== Data for processing ==
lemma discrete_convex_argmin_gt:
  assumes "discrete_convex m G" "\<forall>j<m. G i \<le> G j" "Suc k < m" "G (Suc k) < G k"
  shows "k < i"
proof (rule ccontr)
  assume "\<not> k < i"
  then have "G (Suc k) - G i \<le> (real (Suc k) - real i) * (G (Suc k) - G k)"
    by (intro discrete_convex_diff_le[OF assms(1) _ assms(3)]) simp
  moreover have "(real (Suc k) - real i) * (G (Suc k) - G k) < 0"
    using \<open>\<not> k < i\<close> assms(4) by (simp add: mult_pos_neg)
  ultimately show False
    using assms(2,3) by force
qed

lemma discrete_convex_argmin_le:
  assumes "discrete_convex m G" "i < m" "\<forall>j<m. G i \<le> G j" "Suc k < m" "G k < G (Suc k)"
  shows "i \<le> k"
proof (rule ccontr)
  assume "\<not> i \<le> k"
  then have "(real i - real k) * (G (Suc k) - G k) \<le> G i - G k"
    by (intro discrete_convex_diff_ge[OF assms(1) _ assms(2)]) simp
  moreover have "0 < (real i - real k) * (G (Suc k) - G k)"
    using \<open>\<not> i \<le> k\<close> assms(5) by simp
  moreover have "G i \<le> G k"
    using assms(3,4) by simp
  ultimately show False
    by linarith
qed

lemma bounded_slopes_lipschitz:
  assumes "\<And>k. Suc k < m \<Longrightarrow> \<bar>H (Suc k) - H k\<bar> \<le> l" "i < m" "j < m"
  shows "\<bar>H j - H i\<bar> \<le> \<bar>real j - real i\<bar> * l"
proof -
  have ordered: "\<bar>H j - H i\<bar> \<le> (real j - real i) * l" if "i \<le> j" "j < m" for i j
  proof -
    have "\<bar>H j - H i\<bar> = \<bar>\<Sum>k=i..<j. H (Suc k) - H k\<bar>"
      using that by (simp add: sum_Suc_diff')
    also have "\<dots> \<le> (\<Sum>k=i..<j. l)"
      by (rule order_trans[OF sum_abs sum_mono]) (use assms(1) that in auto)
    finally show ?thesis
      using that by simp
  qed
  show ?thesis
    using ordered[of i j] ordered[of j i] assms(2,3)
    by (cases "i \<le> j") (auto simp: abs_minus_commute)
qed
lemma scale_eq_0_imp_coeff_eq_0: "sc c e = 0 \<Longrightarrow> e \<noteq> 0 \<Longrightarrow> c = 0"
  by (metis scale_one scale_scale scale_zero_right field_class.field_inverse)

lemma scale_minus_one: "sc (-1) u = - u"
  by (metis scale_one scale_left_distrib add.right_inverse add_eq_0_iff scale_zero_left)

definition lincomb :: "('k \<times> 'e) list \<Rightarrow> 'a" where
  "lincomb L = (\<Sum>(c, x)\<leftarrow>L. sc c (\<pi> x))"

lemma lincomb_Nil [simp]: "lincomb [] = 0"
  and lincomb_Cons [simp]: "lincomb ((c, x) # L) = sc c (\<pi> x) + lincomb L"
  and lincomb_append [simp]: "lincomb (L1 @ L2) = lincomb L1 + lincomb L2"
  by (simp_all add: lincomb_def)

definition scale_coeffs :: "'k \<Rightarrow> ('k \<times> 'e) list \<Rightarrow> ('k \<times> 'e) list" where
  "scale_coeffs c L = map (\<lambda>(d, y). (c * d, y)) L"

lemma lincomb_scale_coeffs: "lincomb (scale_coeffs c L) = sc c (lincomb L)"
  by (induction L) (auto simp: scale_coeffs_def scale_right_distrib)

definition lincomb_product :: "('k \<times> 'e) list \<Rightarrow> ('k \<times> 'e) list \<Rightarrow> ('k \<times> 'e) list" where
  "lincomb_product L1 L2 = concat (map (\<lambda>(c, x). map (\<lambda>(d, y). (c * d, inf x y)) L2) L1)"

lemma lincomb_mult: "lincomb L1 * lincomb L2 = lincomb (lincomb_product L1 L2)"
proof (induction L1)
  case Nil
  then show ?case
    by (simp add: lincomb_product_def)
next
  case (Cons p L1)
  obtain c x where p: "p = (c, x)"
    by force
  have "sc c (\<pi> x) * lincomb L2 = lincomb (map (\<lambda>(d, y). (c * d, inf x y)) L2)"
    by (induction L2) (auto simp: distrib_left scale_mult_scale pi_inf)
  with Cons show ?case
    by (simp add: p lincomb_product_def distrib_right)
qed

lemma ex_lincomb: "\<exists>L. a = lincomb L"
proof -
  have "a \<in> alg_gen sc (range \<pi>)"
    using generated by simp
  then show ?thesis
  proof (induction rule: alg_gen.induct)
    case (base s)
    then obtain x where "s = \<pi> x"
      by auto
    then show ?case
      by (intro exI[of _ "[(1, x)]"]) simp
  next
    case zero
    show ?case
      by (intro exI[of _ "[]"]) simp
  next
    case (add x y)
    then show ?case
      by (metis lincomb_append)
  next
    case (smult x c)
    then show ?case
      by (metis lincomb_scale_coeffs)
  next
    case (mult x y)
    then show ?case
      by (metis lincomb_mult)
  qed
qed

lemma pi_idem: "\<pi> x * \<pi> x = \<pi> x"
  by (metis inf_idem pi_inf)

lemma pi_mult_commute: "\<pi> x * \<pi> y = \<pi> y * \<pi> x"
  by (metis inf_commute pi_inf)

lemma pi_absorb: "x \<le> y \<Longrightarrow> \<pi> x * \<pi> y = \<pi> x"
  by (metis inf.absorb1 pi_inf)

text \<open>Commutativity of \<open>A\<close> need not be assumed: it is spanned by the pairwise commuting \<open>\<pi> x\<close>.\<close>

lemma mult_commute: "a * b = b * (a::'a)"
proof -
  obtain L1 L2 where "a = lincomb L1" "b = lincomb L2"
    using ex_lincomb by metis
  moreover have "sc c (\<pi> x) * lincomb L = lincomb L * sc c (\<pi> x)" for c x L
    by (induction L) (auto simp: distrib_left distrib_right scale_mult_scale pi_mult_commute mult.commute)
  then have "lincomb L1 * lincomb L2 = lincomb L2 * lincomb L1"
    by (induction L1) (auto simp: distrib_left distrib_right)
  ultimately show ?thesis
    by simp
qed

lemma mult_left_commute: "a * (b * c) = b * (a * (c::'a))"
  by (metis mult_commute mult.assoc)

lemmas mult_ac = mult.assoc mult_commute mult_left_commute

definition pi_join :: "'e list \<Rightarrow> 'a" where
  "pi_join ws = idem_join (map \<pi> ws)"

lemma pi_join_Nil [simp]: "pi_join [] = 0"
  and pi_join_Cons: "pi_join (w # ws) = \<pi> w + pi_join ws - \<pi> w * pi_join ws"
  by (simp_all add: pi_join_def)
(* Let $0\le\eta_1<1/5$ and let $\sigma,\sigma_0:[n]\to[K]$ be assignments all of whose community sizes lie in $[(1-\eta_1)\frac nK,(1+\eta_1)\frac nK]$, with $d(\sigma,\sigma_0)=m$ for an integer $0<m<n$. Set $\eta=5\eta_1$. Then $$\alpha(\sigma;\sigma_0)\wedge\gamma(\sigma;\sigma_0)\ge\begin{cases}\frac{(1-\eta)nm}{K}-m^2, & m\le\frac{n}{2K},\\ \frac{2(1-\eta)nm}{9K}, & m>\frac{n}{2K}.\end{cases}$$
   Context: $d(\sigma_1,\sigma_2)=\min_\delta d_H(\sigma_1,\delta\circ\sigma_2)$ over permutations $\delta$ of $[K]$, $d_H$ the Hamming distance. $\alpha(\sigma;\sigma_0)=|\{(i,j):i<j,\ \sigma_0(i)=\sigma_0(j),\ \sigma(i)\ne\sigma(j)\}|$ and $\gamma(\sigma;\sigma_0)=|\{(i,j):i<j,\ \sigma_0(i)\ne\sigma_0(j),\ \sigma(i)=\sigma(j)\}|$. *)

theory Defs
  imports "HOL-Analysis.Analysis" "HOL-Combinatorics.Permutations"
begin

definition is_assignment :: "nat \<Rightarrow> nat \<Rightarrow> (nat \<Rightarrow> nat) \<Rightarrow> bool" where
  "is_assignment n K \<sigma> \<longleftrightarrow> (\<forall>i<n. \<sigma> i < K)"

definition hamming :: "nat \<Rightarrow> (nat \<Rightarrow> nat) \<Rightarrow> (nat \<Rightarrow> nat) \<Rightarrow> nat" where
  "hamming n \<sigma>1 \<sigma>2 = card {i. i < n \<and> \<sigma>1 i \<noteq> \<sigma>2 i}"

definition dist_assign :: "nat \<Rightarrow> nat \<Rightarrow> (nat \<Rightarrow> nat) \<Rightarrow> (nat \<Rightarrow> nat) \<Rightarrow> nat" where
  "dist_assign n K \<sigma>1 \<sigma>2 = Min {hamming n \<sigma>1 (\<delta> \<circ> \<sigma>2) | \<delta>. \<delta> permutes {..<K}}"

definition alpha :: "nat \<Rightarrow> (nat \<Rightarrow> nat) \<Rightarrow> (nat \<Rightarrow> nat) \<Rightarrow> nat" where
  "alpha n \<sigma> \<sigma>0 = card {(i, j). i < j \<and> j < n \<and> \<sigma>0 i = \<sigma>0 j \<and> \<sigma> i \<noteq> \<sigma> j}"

== What to produce ==
Return each line of the listing that holds the string "sigma".

== Response box ==
(* Let $0\le\eta_1<1/5$ and let $\sigma,\sigma_0:[n]\to[K]$ be assignments all of whose community sizes lie in $[(1-\eta_1)\frac nK,(1+\eta_1)\frac nK]$, with $d(\sigma,\sigma_0)=m$ for an integer $0<m<n$. Set $\eta=5\eta_1$. Then $$\alpha(\sigma;\sigma_0)\wedge\gamma(\sigma;\sigma_0)\ge\begin{cases}\frac{(1-\eta)nm}{K}-m^2, & m\le\frac{n}{2K},\\ \frac{2(1-\eta)nm}{9K}, & m>\frac{n}{2K}.\end{cases}$$
   Context: $d(\sigma_1,\sigma_2)=\min_\delta d_H(\sigma_1,\delta\circ\sigma_2)$ over permutations $\delta$ of $[K]$, $d_H$ the Hamming distance. $\alpha(\sigma;\sigma_0)=|\{(i,j):i<j,\ \sigma_0(i)=\sigma_0(j),\ \sigma(i)\ne\sigma(j)\}|$ and $\gamma(\sigma;\sigma_0)=|\{(i,j):i<j,\ \sigma_0(i)\ne\sigma_0(j),\ \sigma(i)=\sigma(j)\}|$. *)
  "is_assignment n K \<sigma> \<longleftrightarrow> (\<forall>i<n. \<sigma> i < K)"
  "hamming n \<sigma>1 \<sigma>2 = card {i. i < n \<and> \<sigma>1 i \<noteq> \<sigma>2 i}"
  "dist_assign n K \<sigma>1 \<sigma>2 = Min {hamming n \<sigma>1 (\<delta> \<circ> \<sigma>2) | \<delta>. \<delta> permutes {..<K}}"
  "alpha n \<sigma> \<sigma>0 = card {(i, j). i < j \<and> j < n \<and> \<sigma>0 i = \<sigma>0 j \<and> \<sigma> i \<noteq> \<sigma> j}"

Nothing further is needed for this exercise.